(* Let $P \subset \mathbb{R}^2$ be a finite point set satisfying the standing condition, $\varepsilon \in (0,1)$, and let $S$ and the directed graph $G$ be as defined in the context. Then: (i) if $C$ is a directed cycle of $G$, then the set $Q$ of vertices of $C$ is an $\varepsilon$-regret set of $P$; (ii) if $Q$ is a locally minimal $\varepsilon$-regret set of $P$, then there exists a directed cycle $C$ of $G$ whose vertex set is $Q$.
   Context: For finite $Q \subset \mathbb{R}^2$ and unit $x$, $\omega(x,Q)=\max_{p\in Q}\langle p,x\rangle$. Standing condition: $\omega(x,P)>0$ for all $x\in\mathbb{S}^1$. Regret ratio $l_x(Q) = 1-\omega(x,Q)/\omega(x,P)$, maximum regret ratio $l(Q)=\max_{x\in\mathbb{S}^1} l_x(Q)$; $Q\subseteq P$ is an $\varepsilon$-regret set if $l(Q)\le\varepsilon$. $Q$ is a locally minimal $\varepsilon$-regret set if it is an $\varepsilon$-regret set and $Q\setminus\{q\}$ is not an $\varepsilon$-regret set for any $q \in Q$. The Voronoi cell of $p$ is $R(p)=\{x\neq 0 : \langle p,x\rangle\ge\omega(x,P)\}$; the extreme points $X=\{t_1,\dots,t_m\}$ are the points with $R(p)\neq\varnothing$ (the convex hull vertices), indexed counterclockwise by polar angle, cyclically. For each $i$, $x^*_i\in\mathbb{S}^1$ is the unit vector with $\langle t_i,x\rangle=\langle t_{i+1},x\rangle$ and $\langle t_i,x\rangle>0$. Candidate set: $S = X\cup\{p\in P\setminus X : \exists i,\ \langle p,x^*_i\rangle\ge(1-\varepsilon)\langle t_i,x^*_i\rangle\}$, indexed $s_1,\dots,s_{|S|}$ counterclockwise by polar angle. For points $a,b$, $X[a,b]$ denotes the extreme points whose polar angles lie in the counterclockwise angular range from the angle of $a$ to the angle of $b$ (inclusive, wrapping through $2\pi$ if needed). The directed graph $G$ has vertex set $S$, and for $i\neq j$ there is an edge $s_i\to s_j$ iff the counterclockwise angle from $s_i$ to $s_j$ is less than $\pi$ and $l_{ij}\le\varepsilon$, where $l_{ij}=\max_{t\in X[s_i,s_j]}\bigl(1-\langle s_i,x^*\rangle/\langle t,x^*\rangle\bigr)$ (taken as $0$ if $X[s_i,s_j]$ is empty) and $x^*\in\mathbb{S}^1$ is the unit vector with $\langle s_i,x^*\rangle=\langle s_j,x^*\rangle$ and $\langle s_i,x^*\rangle\ge 0$. *)

theory Defs
  imports "HOL-Analysis.Analysis"
begin

text \<open>Points of the plane are represented as complex numbers; the inner product
  is the real inner product on complex numbers (p \<bullet> x = Re p * Re x + Im p * Im x),
  and polar angles are given by Arg.\<close>

definition omega :: "complex \<Rightarrow> complex set \<Rightarrow> real" where
  "omega x Q = Max ((\<lambda>p. p \<bullet> x) ` Q)"

definition regret_ratio :: "complex \<Rightarrow> complex set \<Rightarrow> complex set \<Rightarrow> real" where
  "regret_ratio x Q P = 1 - omega x Q / omega x P"

definition eps_regret_set :: "complex set \<Rightarrow> real \<Rightarrow> complex set \<Rightarrow> bool" where
  "eps_regret_set P eps Q \<longleftrightarrow> Q \<subseteq> P \<and> Q \<noteq> {} \<and>
     (\<forall>x. norm x = 1 \<longrightarrow> regret_ratio x Q P \<le> eps)"

definition loc_min_eps_regret_set :: "complex set \<Rightarrow> real \<Rightarrow> complex set \<Rightarrow> bool" where
  "loc_min_eps_regret_set P eps Q \<longleftrightarrow> eps_regret_set P eps Q \<and>
     (\<forall>q\<in>Q. \<not> eps_regret_set P eps (Q - {q}))"

definition voronoi_cell :: "complex set \<Rightarrow> complex \<Rightarrow> complex set" where
  "voronoi_cell P p = {x. x \<noteq> 0 \<and> p \<bullet> x \<ge> omega x P}"

definition extreme_pts :: "complex set \<Rightarrow> complex set" where
  "extreme_pts P = {p \<in> P. voronoi_cell P p \<noteq> {}}"

definition ccw_angle :: "complex \<Rightarrow> complex \<Rightarrow> real" where
  "ccw_angle a b = (if Arg b - Arg a < 0 then Arg b - Arg a + 2 * pi else Arg b - Arg a)"

text \<open>t' is the successor t_{i+1} of t = t_i in the counterclockwise order of X.\<close>
definition consecutive :: "complex set \<Rightarrow> complex \<Rightarrow> complex \<Rightarrow> bool" where
  "consecutive P t t' \<longleftrightarrow> t \<in> extreme_pts P \<and> t' \<in> extreme_pts P \<and> t \<noteq> t' \<and>
     (\<forall>t''\<in>extreme_pts P. t'' \<noteq> t \<longrightarrow> ccw_angle t t' \<le> ccw_angle t t'')"

definition xstar_ext :: "complex \<Rightarrow> complex \<Rightarrow> complex" where
  "xstar_ext t t' = (THE x. norm x = 1 \<and> t \<bullet> x = t' \<bullet> x \<and> t \<bullet> x > 0)"

definition candidates :: "complex set \<Rightarrow> real \<Rightarrow> complex set" where
  "candidates P eps = extreme_pts P \<union>
     {p \<in> P - extreme_pts P. \<exists>t t'. consecutive P t t' \<and>
        p \<bullet> xstar_ext t t' \<ge> (1 - eps) * (t \<bullet> xstar_ext t t')}"

definition xrange :: "complex set \<Rightarrow> complex \<Rightarrow> complex \<Rightarrow> complex set" where
  "xrange P a b = {t \<in> extreme_pts P. ccw_angle a t \<le> ccw_angle a b}"

definition xstar_pair_prop :: "complex \<Rightarrow> complex \<Rightarrow> complex \<Rightarrow> bool" where
  "xstar_pair_prop a b x \<longleftrightarrow> norm x = 1 \<and> a \<bullet> x = b \<bullet> x \<and> a \<bullet> x \<ge> 0"

definition lij :: "complex set \<Rightarrow> complex \<Rightarrow> complex \<Rightarrow> real" where
  "lij P a b = (let x = (THE x. xstar_pair_prop a b x); T = xrange P a b in
     if T = {} then 0 else Max ((\<lambda>t. 1 - (a \<bullet> x) / (t \<bullet> x)) ` T))"

text \<open>Edge relation of G (an edge requires the vector x* to be well defined, i.e. unique).\<close>
definition G_edge :: "complex set \<Rightarrow> real \<Rightarrow> complex \<Rightarrow> complex \<Rightarrow> bool" where
  "G_edge P eps a b \<longleftrightarrow> a \<in> candidates P eps \<and> b \<in> candidates P eps \<and> a \<noteq> b \<and>
     ccw_angle a b < pi \<and> (\<exists>!x. xstar_pair_prop a b x) \<and> lij P a b \<le> eps"

definition dcycle :: "('a \<Rightarrow> 'a \<Rightarrow> bool) \<Rightarrow> 'a list \<Rightarrow> bool" where
  "dcycle E vs \<longleftrightarrow> length vs \<ge> 2 \<and> distinct vs \<and>
     (\<forall>i < length vs. E (vs ! i) (vs ! ((i + 1) mod length vs)))"

end

(*
  Write x*(a, b) for the unit normal of the chord from a to b. If b lies less than pi
  counterclockwise from a, every point t of the angular range from a to b is a nonnegative
  combination l a + m b, and l_ab <= eps says that (1 - eps) (l + m) <= 1 for all extreme
  points t in that range.

  (i) The edges of a directed cycle of G wind around the origin, so the extreme point t
  maximizing any direction x lies in the range of some edge (a, b), and then
  (1 - eps) omega(x, P) = (1 - eps) <t, x> <= max (<a, x>, <b, x>).

  (ii) In a locally minimal eps-regret set Q no point v is a combination c1 p + c2 w of two
  other points of Q with c1, c2 >= 0 and c1 + c2 <= 1, for otherwise Q - {v} would still be an
  eps-regret set. Hence the points of Q have distinct polar angles, each of them is an
  eps-approximate maximizer of some direction and therefore a candidate, and for cyclically
  consecutive a, b in Q the normal x*(a, b) supports Q. The regret bound of Q in direction
  x*(a, b) then yields l_ab <= eps.
*)

theory Submission
  imports Defs
begin

section \<open>Planar geometry\<close>

definition cross :: "complex \<Rightarrow> complex \<Rightarrow> real" where
  "cross a b = Re a * Im b - Im a * Re b"

lemma cross_self [simp]: "cross a a = 0"
  unfolding cross_def by simp

lemma cross_commute: "cross b a = - cross a b"
  unfolding cross_def by simp

lemma cross_diff_left: "cross (a - b) c = cross a c - cross b c"
  unfolding cross_def by (simp add: algebra_simps)

lemma inner_mult_ii_right: "b \<bullet> (\<i> * a) = cross a b"
  unfolding inner_complex_def cross_def by simp

lemma cross_coordinates:
  assumes "cross a b \<noteq> 0"
  shows "t = (cross t b / cross a b) *\<^sub>R a + (cross a t / cross a b) *\<^sub>R b"
proof -
  have "cross a b *\<^sub>R t = cross t b *\<^sub>R a + cross a t *\<^sub>R b"
    unfolding cross_def by (simp add: complex_eq_iff scaleR_conv_of_real algebra_simps)
  then have "cross a b *\<^sub>R t =
      cross a b *\<^sub>R ((cross t b / cross a b) *\<^sub>R a + (cross a t / cross a b) *\<^sub>R b)"
    using assms by (simp add: scaleR_add_right)
  then show ?thesis using assms by simp
qed

lemma Re_eq_cmod_cos_Arg: "Re a = cmod a * cos (Arg a)"
  and Im_eq_cmod_sin_Arg: "Im a = cmod a * sin (Arg a)"
  by (cases "a = 0"; simp add: cos_Arg sin_Arg)+

lemma ccw_angle_bounds: "0 \<le> ccw_angle a b" "ccw_angle a b < 2 * pi"
  using Arg_bounded[of a] Arg_bounded[of b] unfolding ccw_angle_def by auto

■ What you have to do ■
List all lines in the material containing the string "dcycle".

■ Task result ■
definition dcycle :: "('a \<Rightarrow> 'a \<Rightarrow> bool) \<Rightarrow> 'a list \<Rightarrow> bool" where
  "dcycle E vs \<longleftrightarrow> length vs \<ge> 2 \<and> distinct vs \<and>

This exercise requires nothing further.